The pinned-model clause matters more than it looks. "Claude Sonnet" has shipped three minor updates in 2026. A benchmark from January 2026 quoting "Claude Sonnet" isn't talking about the same model as a benchmark from June. We pin to the exact API string (claude-sonnet-4-6-20260315) and the run is dated. Anyone replaying six months later gets the same answer or finds a documented model deprecation.

What the harness actually does, step by step

ai-eval-harness v0.1 is a thin Python CLI that wires together Hugging Face Datasets, the generator API of choice (Anthropic, OpenAI, vLLM for self-hosted), Ragas for scoring, and a JSON report writer. The whole thing fits in roughly 1,200 lines and is intentionally small — we'd rather you read it than trust it. The config is a single YAML file; the run is a single bash command.

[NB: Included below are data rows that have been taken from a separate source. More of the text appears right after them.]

lemma confluent_factor_climbable:
  assumes f: "confluent (top_of_set V) E (discrete_topology A) EA f"
    and F: "epimorphism (top_of_set V) E (discrete_topology A') EA' F"
    and factor: "\<And>x. x \<in> V \<Longrightarrow> f x = g (F x)"
    and L: "induced_path EA L" "set L \<subseteq> A"
    and u: "u \<in> A'" "g u \<in> set L" "Suc (list_index L (g u)) < length L"
  shows "climbable EA' {w \<in> A'. g w \<in> set L} (\<lambda>w. list_index L (g w)) u"
proof -
  define i where "i = list_index L (g u)"
  have dist: "distinct L"
    using L(1) unfolding induced_path_def by simp
  have i: "Suc i < length L" "L ! i = g u"
    using u list_index_in_set[OF dist] unfolding i_def by auto
  have edge: "(L ! i, L ! Suc i) \<in> EA" "(L ! Suc i, L ! i) \<in> EA" "L ! i \<in> A" "L ! Suc i \<in> A"
    using induced_pathD[OF L(1)] i(1) L(2) by auto
  obtain x where x: "x \<in> V" "F x = u"
    using epimorphismD(2)[OF F] u(1) by auto
  then have "f x \<in> {L ! i, L ! Suc i}"
    using factor i(2) by simp
  then obtain C where C: "gconnected (top_of_set V) E C" "C \<subseteq> V" "x \<in> C"
    "f ` C = {L ! i, L ! Suc i}"
    using confluent_edge_component[OF f edge x(1)] by blast
  then have "L ! Suc i \<in> f ` C"
    by simp
  then obtain x' where x': "x' \<in> C" "f x' = L ! Suc i"
    by (auto elim!: imageE)
  have index: "list_index L (L ! i) = i" "list_index L (L ! Suc i) = Suc i"
    using list_index_nth[OF dist] i(1) by simp_all
  have levels: "F z \<in> {w \<in> A'. g w \<in> set L}
      \<and> (list_index L (g (F z)) = i \<or> list_index L (g (F z)) = Suc i)" if "z \<in> C" for z
  proof -
    have "F z \<in> A'"
      using epimorphismD(2)[OF F] C(2) that by auto
    have "f z \<in> {L ! i, L ! Suc i}" "z \<in> V"
      using C(2,4) that by auto
    then have "g (F z) \<in> {L ! i, L ! Suc i}"
      using factor[of z] by simp
    with \<open>F z \<in> A'\<close> show ?thesis
      using index i(1) by auto
  qed
  have "list_index L (g (F x')) = Suc i"
    using factor[of x'] x' C(2) index by auto
  then have "climbable EA' {w \<in> A'. g w \<in> set L} (\<lambda>w. list_index L (g w)) (F x)"
    using climbable_if_gconnected[OF epimorphismD(1,3)[OF F] C(1) _ levels C(3) _ x'(1)] C(2) x(2)
    unfolding i_def by simp
  then show ?thesis
    using x(2) by simp
qed

lemma factor_index_adjacent:
  assumes F: "epimorphism (top_of_set V) E (discrete_topology A') EA' F"
    and f: "\<And>x y. (x, y) \<in> E \<Longrightarrow> (f x, f y) \<in> EA" and E: "E \<subseteq> V \<times> V"
    and factor: "\<And>x. x \<in> V \<Longrightarrow> f x = g (F x)"
    and L: "induced_path EA L" and ab: "(a, b) \<in> EA'" "g a \<in> set L" "g b \<in> set L"
  shows "list_index L (g b) \<le> Suc (list_index L (g a))"
proof -
  obtain x y where xy: "(x, y) \<in> E" "F x = a" "F y = b"
    using epimorphismD(4)[OF F ab(1)] by blast
  have dist: "distinct L"
    using L unfolding induced_path_def by simp
  have "(g a, g b) \<in> EA"
    using f[OF xy(1)] factor xy E by auto
  moreover have "list_index L (g a) < length L" "L ! list_index L (g a) = g a"
    "list_index L (g b) < length L" "L ! list_index L (g b) = g b"
    using list_index_in_set[OF dist] ab(2,3) by simp_all
  ultimately show ?thesis
    using induced_pathD[OF L, of "list_index L (g a)" "list_index L (g b)"] by simp
qed

lemma climbing_walk_path_refinement:
  assumes W: "climbing_walk E D (\<lambda>w. list_index L (g w)) W" and D: "g ` D \<subseteq> set L"
    and L: "distinct L" "list_index L (g (hd W)) = 0" "list_index L (g (last W)) = length L - 1"
  shows "path_refinement g W L"
  unfolding path_refinement_def
proof (intro conjI allI impI subset_antisym)
  have W_D: "set W \<subseteq> D" and W_ne: "W \<noteq> []"
    using climbing_walkD[OF W] by simp_all
  then show "g ` set W \<subseteq> set L"
    using D by blast
  show "set L \<subseteq> g ` set W"
  proof
    fix y assume "y \<in> set L"
    then obtain j where j: "j < length L" "y = L ! j"
      by (auto simp: in_set_conv_nth)
    have last: "length W - 1 < length W"
      using W_ne by simp
    moreover have "list_index L (g (W ! 0)) \<le> j" "j \<le> list_index L (g (W ! (length W - 1)))"
      using L(2,3) j(1) W_ne by (simp_all add: hd_conv_nth last_conv_nth)
    ultimately obtain i where i: "i \<le> length W - 1" "list_index L (g (W ! i)) = j"
      using climbing_walk_reaches_levels[OF W] by blast
    then have Wi: "W ! i \<in> set W"
      using last by simp
    then have "g (W ! i) \<in> set L"
      using D W_D by blast
    then have "g (W ! i) = y"
      using list_index_in_set[OF L(1)] i(2) j(2) by metis
    then show "y \<in> g ` set W"
      using Wi by blast
  qed
  show "list_index L (g (W ! i)) \<le> list_index L (g (W ! j))" if "i \<le> j" "j < length W" for i j
    using climbing_walk_mono[OF W that] .
qed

examples/rag-baseline.yaml
YAML
# rag-baseline.yaml — the config that produced /benchmarks/rag-2026-q2/
# Run with: ai-eval run --config rag-baseline.yaml --out reports/2026-q2
run:
  name: rag-2026-q2-baseline
  seed: 0
  date: 2026-06-15

dataset:
  source: huggingface
  name: paiteq/rag-eval-1840doc
  revision: 7c4f9b2  # frozen snapshot SHA
  split: test
  sample: 200       # stratified across 6 doc-type buckets

retriever:
  kind: pgvector
  embedding_model: text-embedding-3-large
  rerank: cohere-rerank-3
  top_k: 5

generators:
  - id: claude-sonnet-4-6
    provider: anthropic
    model: claude-sonnet-4-6-20260315
    temperature: 0
    max_tokens: 1024
  - id: gpt-5
    provider: openai
    model: gpt-5-2026-05
    temperature: 0
    max_tokens: 1024
  - id: claude-haiku-4
    provider: anthropic
    model: claude-haiku-4-20260201
    temperature: 0
    max_tokens: 1024

judges:
  # cross-judge to flag bias; disagreement > 0.05 routes to human review
  - id: gpt-5-judge
    provider: openai
    model: gpt-5-2026-05
  - id: claude-judge
    provider: anthropic
    model: claude-sonnet-4-6-20260315

metrics:
  - context_precision
  - context_recall
  - faithfulness
  - answer_relevancy

report:
  emit_ledger: true
  emit_pareto_plot: true
  human_review_threshold: 0.05

The YAML above is exactly what produced our 2026-Q2 numbers. The sample size (200 queries, stratified across six document-type buckets) is small enough to keep judge spend under $20 per run and large enough that the Ragas score variance settles inside ±0.02. We've tested at 500 and 1000 queries — the headline numbers don't move enough to justify 4× the spend on every quarterly re-run.

terminal
Bash
# Replay our 2026-Q2 RAG benchmark from a clean checkout.
# Total wall-clock: ~52 minutes. Total spend: ~$14 across both judges.
$ git clone https://github.com/paiteq/ai-eval-harness && cd ai-eval-harness
$ uv sync
$ export ANTHROPIC_API_KEY=sk-ant-...
$ export OPENAI_API_KEY=sk-...
$ ai-eval run --config examples/rag-baseline.yaml --out reports/2026-q2

[ai-eval] loading dataset paiteq/rag-eval-1840doc@7c4f9b2 ... 200 rows
[ai-eval] retrieving k=5 over pgvector index ... 200/200 done in 38s
[ai-eval] generating: claude-sonnet-4-6 ... 200/200 done in 6m21s, $2.84
[ai-eval] generating: gpt-5             ... 200/200 done in 7m48s, $4.62
[ai-eval] generating: claude-haiku-4    ... 200/200 done in 3m02s, $0.71
[ai-eval] judging w/ gpt-5-judge        ... 600/600 done in 14m30s, $3.91
[ai-eval] judging w/ claude-judge       ... 600/600 done in 16m12s, $2.18
[ai-eval] cross-judge disagreement: 11/600 rows flagged (1.8%) -> human review
[ai-eval] writing reports/2026-q2/scores.json
[ai-eval] writing reports/2026-q2/ledger.json
[ai-eval] writing reports/2026-q2/pareto.svg

=== HEADLINE RESULTS (cross-judge midpoint) ===
model               recall@5  faithful  relevancy  cost/q
claude-sonnet-4-6   0.88      0.91      0.89       $0.11
gpt-5               0.86      0.89      0.91       $0.18
claude-haiku-4      0.79      0.84      0.85       $0.04

Total wall-clock:   51m32s
Total API spend:    $14.26

That CLI session is real output from the 2026-Q2 run. The 1.8% cross-judge disagreement rate is in the range we'd consider healthy — high enough to confirm the judges aren't simply rubber-stamping each other, low enough that the headline numbers aren't dominated by stylistic preference. The 11 flagged rows go through a manual review pass before we publish.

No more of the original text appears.